I am able to handle quite a bit. I've lived through a nightmare of false accusations and punishments for someone else's imagination. I can suffer with the best of 'em and still come out the other side relatively whole. I am way stronger than I ever thought I could be and I have managed to survive an exhaustively gut-wrenching series of counseling sessions that would fell most people.

And yet.

I am naive. I am innocent. I like to think I am a good judge of character. I am (apparently) not. I trust people when they tell me things. I believe them when they say they are going to do whatever it is they say they are going to do. I look for the positive and want to help my friends if they need an ear, a shoulder, a hug.
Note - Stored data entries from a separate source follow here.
lemma polar_isometry:
  assumes "isometry M m T"
  shows "polar M m (T x) (T y) = polar M m x y"
proof -
  have "quad M m (\<lambda>i. T x i + T y i) = quad M m (\<lambda>i. x i + y i)"
    using assms by (simp add: isometry_quad flip: isometry_add)
  then show ?thesis
    using assms by (simp add: quad_add isometry_quad)
qed

lemma isometry_pair_sym: "isometry_pair M m T S \<Longrightarrow> isometry_pair M m S T"
  by (auto simp: isometry_pair_def)

lemma isometry_pair_comp:
  "isometry_pair M m T S \<Longrightarrow> isometry_pair M m T' S' \<Longrightarrow>
     isometry_pair M m (\<lambda>x. T (T' x)) (\<lambda>x. S' (S x))"
  by (simp add: isometry_pair_def isometry_def)

lemma isometry_pair_eichler:
  assumes "quad M m u = 0" "polar M m u w = 0" "supported m u" "supported m w"
  shows "isometry_pair M m (eichler M m u w) (eichler M m u (\<lambda>i. - w i))"
proof -
  have "polar M m u (\<lambda>i. - w i) = 0"
    using assms(2) by simp
  then show ?thesis
    using assms eichler_inverse[of M m u] eichler_inverse[of M m u "\<lambda>i. - w i"]
    by (simp add: isometry_pair_def isometry_def eichler_add eichler_scale quad_eichler)
       (simp add: supported_def eichler_def)
qed

lemma isometry_pair_hyperbolic:
  assumes e: "quad M m e = 0" and f: "quad M m f = 0" and ef: "polar M m e f = 1"
    and xf: "polar M m x f = 1" and supp: "supported m e" "supported m f" "supported m x"
  shows "\<exists>T S. isometry_pair M m T S \<and> T f = f \<and> T e = (\<lambda>i. x i - quad M m x * f i)"
proof -
  define c where "c = polar M m x e"
  \<comment> \<open>the component of x orthogonal to the hyperbolic plane spanned by e and f\<close>
  define w where "w = (\<lambda>i. x i - e i - c * f i)"
  have wf: "polar M m w f = 0"
    using e f ef xf by (simp add: w_def polar_self)
  have fe: "polar M m f e = 1"
    using ef by (simp add: polar_commute)
  have we: "polar M m w e = 0"
    using e fe by (simp add: w_def c_def polar_self)
  have "quad M m x = quad M m (\<lambda>i. w i + (e i + c * f i))"
    by (simp add: w_def)
  also have "\<dots> = quad M m w + c"
    using e f ef we wf by (simp add: quad_add quad_scale polar_commute[of M m w])
  finally have qx: "quad M m x = quad M m w + c" .
  have fw: "polar M m f w = 0" using wf by (simp add: polar_commute)
  have "supported m w" using supp by (simp add: w_def supported_def)
  then have "isometry_pair M m (eichler M m f w) (eichler M m f (\<lambda>i. - w i))"
    using isometry_pair_eichler f fw supp by blast
  moreover have "eichler M m f w f = f"
    using f fw by (simp add: eichler_def polar_self)
  moreover have "eichler M m f w e = (\<lambda>i. x i - quad M m x * f i)"
  proof -
    have "polar M m e w = 0" using we by (simp add: polar_commute)
    then have "eichler M m f w e = (\<lambda>i. e i + w i - quad M m w * f i)"
      using ef by (simp add: eichler_def)
    then show ?thesis
      by (simp add: qx w_def algebra_simps)
  qed
  ultimately show ?thesis by blast
qed

section \<open>Projective points modulo a power of two\<close>

definition cong_vec :: "int \<Rightarrow> nat \<Rightarrow> (nat \<Rightarrow> int) \<Rightarrow> (nat \<Rightarrow> int) \<Rightarrow> bool" where
  "cong_vec p m x y \<longleftrightarrow> (\<forall>i<m. [x i = y i] (mod p))"

lemma cong_vec_refl [simp]: "cong_vec p m x x"
  and cong_vec_trans: "cong_vec p m x y \<Longrightarrow> cong_vec p m y y' \<Longrightarrow> cong_vec p m x y'"
  by (auto simp: cong_vec_def intro: cong_trans)

lemma cong_vec_isometry:
  assumes T: "isometry M m T" and "supported m x" "supported m y" and xy: "cong_vec p m x y"
  shows "cong_vec p m (T x) (T y)"
proof -
  define k where "k = (\<lambda>i. (y i - x i) div p)"
  have "y = (\<lambda>i. x i + p * k i)"
  proof
    fix i
    show "y i = x i + p * k i"
    proof (cases "i < m")
      case True
      then have "p dvd y i - x i"
        using xy by (simp add: cong_vec_def cong_iff_dvd_diff dvd_diff_commute)
      then show ?thesis by (simp add: k_def)
    qed (use assms in \<open>simp add: supported_def k_def\<close>)
  qed
  then have "T y = (\<lambda>i. T x i + p * T k i)"
    using isometry_add[OF T] isometry_scale[OF T] by simp
  then show ?thesis
    by (simp add: cong_vec_def cong_iff_dvd_diff)
qed

lemma cong_bilin:
  "cong_vec p m x x' \<Longrightarrow> cong_vec p m y y' \<Longrightarrow> [bilin M m x y = bilin M m x' y'] (mod p)"
  unfolding bilin_def cong_vec_def by (intro cong_sum cong_mult cong_refl) auto

lemma cong_quad: "cong_vec p m x x' \<Longrightarrow> [quad M m x = quad M m x'] (mod p)"
  by (simp add: quad_def cong_bilin)

lemma cong_polar:
  "cong_vec p m x x' \<Longrightarrow> cong_vec p m y y' \<Longrightarrow> [polar M m x y = polar M m x' y'] (mod p)"
  by (simp add: polar_def cong_add cong_bilin)

lemma bform_eq_quad: "bform n m a M a = quad M m a mod 2 ^ n"
  by (simp add: bform_def quad_def bilin_def)

lemma bform_eq_polar: "bform n m a (\<lambda>i j. M i j + M j i) b = polar M m a b mod 2 ^ n"
proof -
  have "(\<Sum>i<m. \<Sum>j<m. a i * (M i j + M j i) * b j)
      = (\<Sum>i<m. \<Sum>j<m. a i * M i j * b j) + (\<Sum>i<m. \<Sum>j<m. b j * M j i * a i)"
    by (simp add: algebra_simps sum.distrib)
  also have "(\<Sum>i<m. \<Sum>j<m. b j * M j i * a i) = (\<Sum>j<m. \<Sum>i<m. b j * M j i * a i)"
    by (rule sum.swap)
  finally show ?thesis
    by (simp add: bform_def polar_def bilin_def)
qed
(* Let $\mathcal H$ be a finite-dimensional Hilbert space, $U(t,s)$ a unitary evolution, $|\psi\rangle$ an initial pure state at time $t_0$, and for times $t_0<t_1<\dots<t_n$ let $\hat\sigma^{(k)}=\{|\phi^{(k)}_i\rangle\langle\phi^{(k)}_i|\}_i$, $k=1,\dots,n$, be sets of rank-1 projectors onto orthonormal bases of $\mathcal H$ (Schrödinger picture), with $|\phi^{(0)}\rangle:=|\psi\rangle$. Form the graph whose vertices at time $t_k$ are the basis vectors $|\phi^{(k)}_i\rangle$, with an edge between $|\phi^{(k)}_j\rangle$ and $|\phi^{(k+1)}_i\rangle$ iff the Green function $G^{ij}(t_{k+1},t_k)=\langle\phi^{(k+1)}_i|U(t_{k+1},t_k)|\phi^{(k)}_j\rangle$ is nonzero. A loop is the closed walk formed by two distinct forward-in-time paths $\alpha=(\alpha_1,\dots,\alpha_n)$, $\beta=(\beta_1,\dots,\beta_n)$ from $|\psi\rangle$ to the same final vertex ($\alpha_n=\beta_n$), and its product of Green functions is $\prod_{k=0}^{n-1}G^{\alpha_{k+1}\alpha_k}(t_{k+1},t_k)\cdot\prod_{k=0}^{n-1}\overline{G^{\beta_{k+1}\beta_k}(t_{k+1},t_k)}$ (with $\alpha_0=\beta_0$ the initial vertex; traversing an edge backward contributes the complex conjugate). If the product of Green functions around every loop is purely imaginary (zero counting as purely imaginary, so in particular the absence of loops suffices), then the family of fine-grained histories $\{|\psi\rangle\langle\psi|,\sigma^{(1)},\dots,\sigma^{(n)}\}$ is weakly consistent.
   Context: Here $\sigma^{(k)}$ denotes the Heisenberg-picture version of $\hat\sigma^{(k)}$, i.e. the projectors $P^{(k)}_i=U(t_k,t_0)^\dagger|\phi^{(k)}_i\rangle\langle\phi^{(k)}_i|U(t_k,t_0)$. For a history $\alpha=(\alpha_1,\dots,\alpha_n)$ the history operator is $C_\alpha=P^{(1)}_{\alpha_1}\cdots P^{(n)}_{\alpha_n}$, its probability is $Pr(\alpha)=\mathrm{Tr}\{C_\alpha^\dagger\rho C_\alpha\}$ and the coherence function is $D(\alpha;\beta)=\mathrm{Tr}\{C_\alpha^\dagger\rho C_\beta\}$, with $\rho=|\psi\rangle\langle\psi|$. The family is weakly consistent if $\mathrm{Re}\,D(\alpha;\beta)=\delta_{\alpha\beta}Pr(\alpha)$ for all histories $\alpha,\beta$, where $\delta_{\alpha\beta}=\prod_k\delta_{\alpha_k\beta_k}$. *)

theory Defs
  imports "HOL-Analysis.Analysis"
begin

text \<open>Finite-dimensional Hilbert space: complex ^ 'n (dimension CARD('n)).
  Operators: complex ^ 'n ^ 'n.\<close>

definition cinner :: "complex ^ 'n \<Rightarrow> complex ^ 'n \<Rightarrow> complex" where
  "cinner x y = (\<Sum>i\<in>UNIV. cnj (x $ i) * y $ i)"

definition adj :: "complex ^ 'n ^ 'n \<Rightarrow> complex ^ 'n ^ 'n" where
  "adj A = (\<chi> i j. cnj (A $ j $ i))"

definition ctrace :: "complex ^ 'n ^ 'n \<Rightarrow> complex" where
  "ctrace A = (\<Sum>i\<in>UNIV. A $ i $ i)"

definition proj :: "complex ^ 'n \<Rightarrow> complex ^ 'n ^ 'n" where
  "proj v = (\<chi> i j. v $ i * cnj (v $ j))"

definition unitary_op :: "complex ^ 'n ^ 'n \<Rightarrow> bool" where
  "unitary_op A \<longleftrightarrow> adj A ** A = mat 1 \<and> A ** adj A = mat 1"

definition heis_proj ::
  "(real \<Rightarrow> real \<Rightarrow> complex ^ 'n ^ 'n) \<Rightarrow> (nat \<Rightarrow> real) \<Rightarrow> (nat \<Rightarrow> 'n \<Rightarrow> complex ^ 'n)
    \<Rightarrow> nat \<Rightarrow> 'n \<Rightarrow> complex ^ 'n ^ 'n" where
  "heis_proj U t phi k i = adj (U (t k) (t 0)) ** proj (phi k i) ** U (t k) (t 0)"

text \<open>History operator C_alpha = P^(1)_{alpha 1} ... P^(m)_{alpha m}
  (a history is a function alpha, only its values on {1..n} matter).\<close>
fun hist_op ::
  "(real \<Rightarrow> real \<Rightarrow> complex ^ 'n ^ 'n) \<Rightarrow> (nat \<Rightarrow> real) \<Rightarrow> (nat \<Rightarrow> 'n \<Rightarrow> complex ^ 'n)
    \<Rightarrow> nat \<Rightarrow> (nat \<Rightarrow> 'n) \<Rightarrow> complex ^ 'n ^ 'n" where
  "hist_op U t phi 0 \<alpha> = mat 1"
| "hist_op U t phi (Suc m) \<alpha> = hist_op U t phi m \<alpha> ** heis_proj U t phi (Suc m) (\<alpha> (Suc m))"

definition coherence ::
  "(real \<Rightarrow> real \<Rightarrow> complex ^ 'n ^ 'n) \<Rightarrow> (nat \<Rightarrow> real) \<Rightarrow> complex ^ 'n
    \<Rightarrow> (nat \<Rightarrow> 'n \<Rightarrow> complex ^ 'n) \<Rightarrow> nat \<Rightarrow> (nat \<Rightarrow> 'n) \<Rightarrow> (nat \<Rightarrow> 'n) \<Rightarrow> complex" where
  "coherence U t psi phi n \<alpha> \<beta> =
     ctrace (adj (hist_op U t phi n \<alpha>) ** proj psi ** hist_op U t phi n \<beta>)"

definition hist_prob ::
  "(real \<Rightarrow> real \<Rightarrow> complex ^ 'n ^ 'n) \<Rightarrow> (nat \<Rightarrow> real) \<Rightarrow> complex ^ 'n
    \<Rightarrow> (nat \<Rightarrow> 'n \<Rightarrow> complex ^ 'n) \<Rightarrow> nat \<Rightarrow> (nat \<Rightarrow> 'n) \<Rightarrow> complex" where
  "hist_prob U t psi phi n \<alpha> =
     ctrace (adj (hist_op U t phi n \<alpha>) ** proj psi ** hist_op U t phi n \<alpha>)"

definition weakly_consistent ::
  "(real \<Rightarrow> real \<Rightarrow> complex ^ 'n ^ 'n) \<Rightarrow> (nat \<Rightarrow> real) \<Rightarrow> complex ^ 'n
    \<Rightarrow> (nat \<Rightarrow> 'n \<Rightarrow> complex ^ 'n) \<Rightarrow> nat \<Rightarrow> bool" where
  "weakly_consistent U t psi phi n \<longleftrightarrow>
     (\<forall>\<alpha> \<beta>. complex_of_real (Re (coherence U t psi phi n \<alpha> \<beta>)) =
        (if (\<forall>k\<in>{1..n}. \<alpha> k = \<beta> k) then hist_prob U t psi phi n \<alpha> else 0))"

text \<open>Graph vertices: at time t_0 the single vertex psi (index irrelevant), at t_k (k \<ge> 1) the basis vectors.\<close>
definition vertex :: "complex ^ 'n \<Rightarrow> (nat \<Rightarrow> 'n \<Rightarrow> complex ^ 'n) \<Rightarrow> nat \<Rightarrow> 'n \<Rightarrow> complex ^ 'n" where
  "vertex psi phi k j = (if k = 0 then psi else phi k j)"

definition green ::
  "(real \<Rightarrow> real \<Rightarrow> complex ^ 'n ^ 'n) \<Rightarrow> (nat \<Rightarrow> real) \<Rightarrow> complex ^ 'n
    \<Rightarrow> (nat \<Rightarrow> 'n \<Rightarrow> complex ^ 'n) \<Rightarrow> nat \<Rightarrow> 'n \<Rightarrow> 'n \<Rightarrow> complex" where
  "green U t psi phi k i j =
     cinner (vertex psi phi (Suc k) i) (U (t (Suc k)) (t k) *v vertex psi phi k j)"

definition is_path ::
  "(real \<Rightarrow> real \<Rightarrow> complex ^ 'n ^ 'n) \<Rightarrow> (nat \<Rightarrow> real) \<Rightarrow> complex ^ 'n
    \<Rightarrow> (nat \<Rightarrow> 'n \<Rightarrow> complex ^ 'n) \<Rightarrow> nat \<Rightarrow> (nat \<Rightarrow> 'n) \<Rightarrow> bool" where
  "is_path U t psi phi n \<alpha> \<longleftrightarrow> (\<forall>k<n. green U t psi phi k (\<alpha> (Suc k)) (\<alpha> k) \<noteq> 0)"

definition path_amp ::
  "(real \<Rightarrow> real \<Rightarrow> complex ^ 'n ^ 'n) \<Rightarrow> (nat \<Rightarrow> real) \<Rightarrow> complex ^ 'n
    \<Rightarrow> (nat \<Rightarrow> 'n \<Rightarrow> complex ^ 'n) \<Rightarrow> nat \<Rightarrow> (nat \<Rightarrow> 'n) \<Rightarrow> complex" where
  "path_amp U t psi phi n \<alpha> = (\<Prod>k<n. green U t psi phi k (\<alpha> (Suc k)) (\<alpha> k))"

end

theory Submission imports Defs begin

(* Running the history backwards, C_alpha^dagger psi is the final vertex of the path alpha,
   carried back to time t_0, times the product of the Green functions along alpha. Since the
   evolution is unitary, D(alpha;beta) is therefore the product of Green functions around the
   loop formed by alpha and beta times the overlap of the two final vertices, which vanishes
   unless alpha_n = beta_n. So off the diagonal Re D(alpha;beta) is either zero or the real
   part of a loop product, and on the diagonal D(alpha;alpha) is a squared modulus. *)

definition unitary_evolution :: "(real \<Rightarrow> real \<Rightarrow> complex ^ 'n ^ 'n) \<Rightarrow> bool" where
  "unitary_evolution U \<longleftrightarrow>
     (\<forall>a b. unitary_op (U a b)) \<and> (\<forall>a b c. U a b ** U b c = U a c)"

lemma adj_matrix_mult: "adj (A ** B) = adj B ** adj (A :: complex ^ 'n ^ 'n)"
  by (simp add: adj_def matrix_matrix_mult_def vec_eq_iff mult.commute)

lemma adj_adj [simp]: "adj (adj A) = A"
  by (simp add: adj_def vec_eq_iff)

lemma adj_mat_1 [simp]: "adj (mat 1 :: complex ^ 'n ^ 'n) = mat 1"
  by (simp add: adj_def vec_eq_iff mat_def)

lemma adj_proj [simp]: "adj (proj v) = proj v"
  by (simp add: adj_def proj_def vec_eq_iff mult.commute)

lemma cinner_adj_left: "cinner (adj A *v x) y = cinner x (A *v y)"
proof -
  have "cinner (adj A *v x) y = (\<Sum>i\<in>UNIV. \<Sum>j\<in>UNIV. A$j$i * cnj (x$j) * y$i)"
    unfolding cinner_def adj_def matrix_vector_mult_def
    by (simp add: sum_distrib_right sum_distrib_left mult_ac)
  also have "\<dots> = (\<Sum>j\<in>UNIV. \<Sum>i\<in>UNIV. A$j$i * cnj (x$j) * y$i)"
    by (rule sum.swap)
  also have "\<dots> = cinner x (A *v y)"
    by (simp add: cinner_def matrix_vector_mult_def sum_distrib_left mult_ac)
  finally show ?thesis .
qed

lemma cinner_scalar_mult: "cinner (a *s x) (b *s y) = cnj a * b * cinner x y"
  by (simp add: cinner_def sum_distrib_left mult_ac)

lemma proj_matrix_vector_mult: "proj v *v y = cinner v y *s v"
  by (simp add: proj_def cinner_def matrix_vector_mult_def vec_eq_iff sum_distrib_left mult_ac)

lemma ctrace_proj: "ctrace (A ** proj v ** B) = cinner (adj B *v v) (A *v v)"
proof -
  have "ctrace (A ** proj v ** B) =
      (\<Sum>i\<in>UNIV. \<Sum>l\<in>UNIV. \<Sum>k\<in>UNIV. A$i$k * v$k * cnj (v$l) * B$l$i)"
    unfolding ctrace_def proj_def matrix_matrix_mult_def
    by (simp add: sum_distrib_right sum_distrib_left mult_ac)
  also have "\<dots> = cinner (adj B *v v) (A *v v)"
    by (simp add: cinner_def adj_def matrix_vector_mult_def sum_distrib_left sum_distrib_right mult_ac)
  finally show ?thesis .
qed

lemma unitary_op_cinner_adj:
  assumes "unitary_op V"
  shows "cinner (adj V *v x) (adj V *v y) = cinner x y"
  using assms by (simp add: cinner_adj_left matrix_vector_mul_assoc unitary_op_def)

lemma unitary_op_mult_left_cancel:
  assumes "unitary_op A" and "A ** B = A ** C"
  shows "B = C"
proof -
  have "B = (adj A ** A) ** B"
    using assms(1) by (simp add: unitary_op_def)
  also have "\<dots> = (adj A ** A) ** C"
    using assms(2) by (metis matrix_mul_assoc)
  also have "\<dots> = C"
    using assms(1) by (simp add: unitary_op_def)
  finally show ?thesis .
qed

lemma unitary_evolution_same_time:
  assumes "unitary_evolution U"
  shows "U a a = mat 1"
  using assms unitary_op_mult_left_cancel[of "U a a" "U a a" "mat 1"]
  by (simp add: unitary_evolution_def)

lemma unitary_evolution_adj:
  assumes "unitary_evolution U"
  shows "adj (U a b) = U b a"
proof -
  have "U a b ** U b a = U a b ** adj (U a b)"
    using assms unitary_evolution_same_time[OF assms, of a]
    by (simp add: unitary_evolution_def unitary_op_def)
  then show ?thesis
    using assms unitary_op_mult_left_cancel by (metis unitary_evolution_def)
qed

lemma adj_heis_proj [simp]: "adj (heis_proj U t phi k i) = heis_proj U t phi k i"
  by (simp add: heis_proj_def adj_matrix_mult matrix_mul_assoc)

lemma hist_op_cong: "(\<forall>k\<in>{1..m}. \<alpha> k = \<beta> k) \<Longrightarrow> hist_op U t phi m \<alpha> = hist_op U t phi m \<beta>"
  by (induction m) auto

lemma path_amp_eq_0_if_not_path:
  "\<not> is_path U t psi phi n \<alpha> \<Longrightarrow> path_amp U t psi phi n \<alpha> = 0"
  by (auto simp: is_path_def path_amp_def)

lemma adj_hist_op_apply_state:
  assumes "unitary_evolution U"
  shows "adj (hist_op U t phi m \<alpha>) *v psi =
    path_amp U t psi phi m \<alpha> *s (U (t 0) (t m) *v vertex psi phi m (\<alpha> m))"
proof (induction m)
  case 0
  then show ?case
    using unitary_evolution_same_time[OF assms] by (simp add: path_amp_def vertex_def)
next
  case (Suc m)
  let ?a = "path_amp U t psi phi m \<alpha>"
  have "adj (hist_op U t phi (Suc m) \<alpha>) *v psi
      = heis_proj U t phi (Suc m) (\<alpha> (Suc m)) *v (adj (hist_op U t phi m \<alpha>) *v psi)"
    by (simp add: adj_matrix_mult matrix_vector_mul_assoc)
  also have "\<dots> = ?a *s (U (t 0) (t (Suc m)) *v (proj (phi (Suc m) (\<alpha> (Suc m))) *v
      ((U (t (Suc m)) (t 0) ** U (t 0) (t m)) *v vertex psi phi m (\<alpha> m))))"
    by (simp add: Suc.IH vector_scalar_commute heis_proj_def unitary_evolution_adj[OF assms]
        matrix_vector_mul_assoc matrix_mul_assoc)
  also have "\<dots> = ?a * green U t psi phi m (\<alpha> (Suc m)) (\<alpha> m) *s
      (U (t 0) (t (Suc m)) *v vertex psi phi (Suc m) (\<alpha> (Suc m)))"
    using assms by (simp add: unitary_evolution_def proj_matrix_vector_mult
        vector_scalar_commute green_def vertex_def)
  finally show ?case by (simp add: path_amp_def)
qed

lemma coherence_eq_loop_amp:
  assumes "unitary_evolution U"
  shows "coherence U t psi phi n \<alpha> \<beta> =
    path_amp U t psi phi n \<alpha> * cnj (path_amp U t psi phi n \<beta>) *
    cinner (vertex psi phi n (\<beta> n)) (vertex psi phi n (\<alpha> n))"
proof -
  have "coherence U t psi phi n \<alpha> \<beta> =
      cinner (adj (hist_op U t phi n \<beta>) *v psi) (adj (hist_op U t phi n \<alpha>) *v psi)"
    by (simp add: coherence_def ctrace_proj)
  also have "\<dots> = cnj (path_amp U t psi phi n \<beta>) * path_amp U t psi phi n \<alpha> *
      cinner (vertex psi phi n (\<beta> n)) (vertex psi phi n (\<alpha> n))"
    using assms unitary_op_cinner_adj[of "U (t n) (t 0)"]
    by (simp add: adj_hist_op_apply_state cinner_scalar_mult unitary_evolution_adj
        unitary_evolution_def)
  finally show ?thesis by (simp add: mult_ac)
qed

theorem theorem2:
  fixes U :: "real \<Rightarrow> real \<Rightarrow> complex ^ 'n ^ 'n"
    and t :: "nat \<Rightarrow> real"
    and psi :: "complex ^ 'n"
    and phi :: "nat \<Rightarrow> 'n \<Rightarrow> complex ^ 'n"
    and n :: nat
  assumes unitary: "\<And>a b. unitary_op (U a b)"
    and evol: "\<And>a b c. U a b ** U b c = U a c"
    and times: "\<And>k. k < n \<Longrightarrow> t k < t (Suc k)"
    and psi_norm: "cinner psi psi = 1"
    and onb: "\<And>k i j. k \<in> {1..n} \<Longrightarrow> cinner (phi k i) (phi k j) = (if i = j then 1 else 0)"
    and loops: "\<And>\<alpha> \<beta>. is_path U t psi phi n \<alpha> \<Longrightarrow> is_path U t psi phi n \<beta> \<Longrightarrow>
                  (\<exists>k\<in>{1..n}. \<alpha> k \<noteq> \<beta> k) \<Longrightarrow> \<alpha> n = \<beta> n \<Longrightarrow>
                  Re (path_amp U t psi phi n \<alpha> * cnj (path_amp U t psi phi n \<beta>)) = 0"
  shows "weakly_consistent U t psi phi n"
  unfolding weakly_consistent_def
proof (intro allI)
  fix \<alpha> \<beta> :: "nat \<Rightarrow> 'n"
  have "unitary_evolution U"
    using unitary evol by (simp add: unitary_evolution_def)
  note coherence = coherence_eq_loop_amp[OF this]
  have overlap: "cinner (vertex psi phi n i) (vertex psi phi n j) = (if n = 0 \<or> i = j then 1 else 0)"
    for i j
    using psi_norm onb[of n] by (auto simp: vertex_def)
  show "complex_of_real (Re (coherence U t psi phi n \<alpha> \<beta>)) =
      (if \<forall>k\<in>{1..n}. \<alpha> k = \<beta> k then hist_prob U t psi phi n \<alpha> else 0)"
  proof (cases "\<forall>k\<in>{1..n}. \<alpha> k = \<beta> k")
    case True
    have "coherence U t psi phi n \<alpha> \<beta> = hist_prob U t psi phi n \<alpha>"
      using hist_op_cong[OF True] by (simp add: coherence_def hist_prob_def)
    moreover have "hist_prob U t psi phi n \<alpha> = of_real ((cmod (path_amp U t psi phi n \<alpha>))\<^sup>2)"
      using coherence[where \<beta> = \<alpha>]
      by (simp add: coherence_def hist_prob_def overlap complex_norm_square del: of_real_power)
    ultimately show ?thesis
      using True by simp
  next
    case False
    then have "n \<noteq> 0"
      by auto
    have "Re (path_amp U t psi phi n \<alpha> * cnj (path_amp U t psi phi n \<beta>)) = 0" if "\<alpha> n = \<beta> n"
      using loops[of \<alpha> \<beta>] that False path_amp_eq_0_if_not_path by fastforce
    then show ?thesis
      unfolding if_not_P[OF False] using \<open>n \<noteq> 0\<close>
      by (cases "\<alpha> n = \<beta> n") (simp_all add: coherence overlap)
  qed
qed

end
Respite from the chaos of their own lives. I assume they would do the same for me.

And yet.

I am hurt. I have feelings. I am capable of feeling sad, hurt, angry. Confused. I never expect the same level of interest in my life that I show to others' problems, issues, concerns. But I have problems that I wish someone would want to help unburden me from. It's not easy for me to bring someone in to my life. It's not easy for me to feel vulnerable.

And yet.

I have never felt so vulnerable, so confused, so hurt and so foolish as I do tonight.

3 comments:

  1. I have a friend with whom I occasionally share emails with one line, "I hate people." And, yet, I hope for the best when I meet new ones or run into old friends. I don't know why humans have such a hard time cutting each other a break. It takes so little from us to be nice but we just can't seem to muster. I'm sorry you are having a rough time.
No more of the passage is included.